BEGIN RECORD EXCERPTS
theorem chebyshev_rules_unique:
  assumes rules: "chebyshev_rules V E \<phi>\<^sub>1" "chebyshev_rules V E \<phi>\<^sub>2" and "symp E"
  shows "fst ` set w \<subseteq> V \<Longrightarrow> \<phi>\<^sub>1 w = \<phi>\<^sub>2 w"
proof (induction w rule: measure_induct_rule[where f = length])
  case (less w)
  interpret \<phi>\<^sub>1: chebyshev_rules V E \<phi>\<^sub>1 by (fact rules(1))
  interpret \<phi>\<^sub>2: chebyshev_rules V E \<phi>\<^sub>2 by (fact rules(2))
  consider (zero_block) u x v where "w = u @ (x, 0) # v"
    | (empty) "w = []"
    | (irreducible) "w \<noteq> []" "\<forall>l\<in>set w. 1 \<le> snd l" "\<not> reducible E w"
    | (reducible) "reducible E w"
    by (metis less_one not_le prod.collapse split_list)
  then show ?case
  proof cases
    case zero_block
    then show ?thesis
      using less \<phi>\<^sub>1.zero_block[of u v x] \<phi>\<^sub>2.zero_block[of u v x] by simp
  next
    case empty
    then show ?thesis using \<phi>\<^sub>1.empty \<phi>\<^sub>2.empty by simp
  next
    case irreducible
    then show ?thesis using less.prems \<phi>\<^sub>1.irreducible \<phi>\<^sub>2.irreducible by simp
  next
    case reducible
    then obtain u x a c b v where w: "w = u @ (x, a) # c @ (x, b) # v" and c: "\<forall>l\<in>set c. E x (fst l)"
      unfolding reducible_def by blast
    have moved: "\<phi>\<^sub>i w = \<phi>\<^sub>i (u @ (x, a) # (x, b) # c @ v)"
      if "chebyshev_rules V E \<phi>\<^sub>i" for \<phi>\<^sub>i :: "_ \<Rightarrow> 'b"
      using chebyshev_rules.move_left[OF that assms(3), of "u @ [(x, a)]" c v x b] less.prems w c by simp
    have "\<phi>\<^sub>1 (u @ (x, k) # c @ v) = \<phi>\<^sub>2 (u @ (x, k) # c @ v)" for k
      using less.IH less.prems w by simp
    then have "\<phi>\<^sub>1 (u @ (x, a) # (x, b) # c @ v) = \<phi>\<^sub>2 (u @ (x, a) # (x, b) # c @ v)"
      using chebyshev_rules_merge_eq[OF rules, of u "c @ v" x] less.prems w by simp
    then show ?thesis using moved[OF rules(1)] moved[OF rules(2)] by simp
  qed
qed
END RECORD EXCERPTS
— TASK ITEM —
Retype exactly the lines from the one containing "using chebyshev_rules.move_left[OF that" through the end of the data. Add nothing.

— YOUR RESPONSE —
      using chebyshev_rules.move_left[OF that assms(3), of "u @ [(x, a)]" c v x b] less.prems w c by simp
    have "\<phi>\<^sub>1 (u @ (x, k) # c @ v) = \<phi>\<^sub>2 (u @ (x, k) # c @ v)" for k
      using less.IH less.prems w by simp
    then have "\<phi>\<^sub>1 (u @ (x, a) # (x, b) # c @ v) = \<phi>\<^sub>2 (u @ (x, a) # (x, b) # c @ v)"
      using chebyshev_rules_merge_eq[OF rules, of u "c @ v" x] less.prems w by simp
    then show ?thesis using moved[OF rules(1)] moved[OF rules(2)] by simp
  qed
qed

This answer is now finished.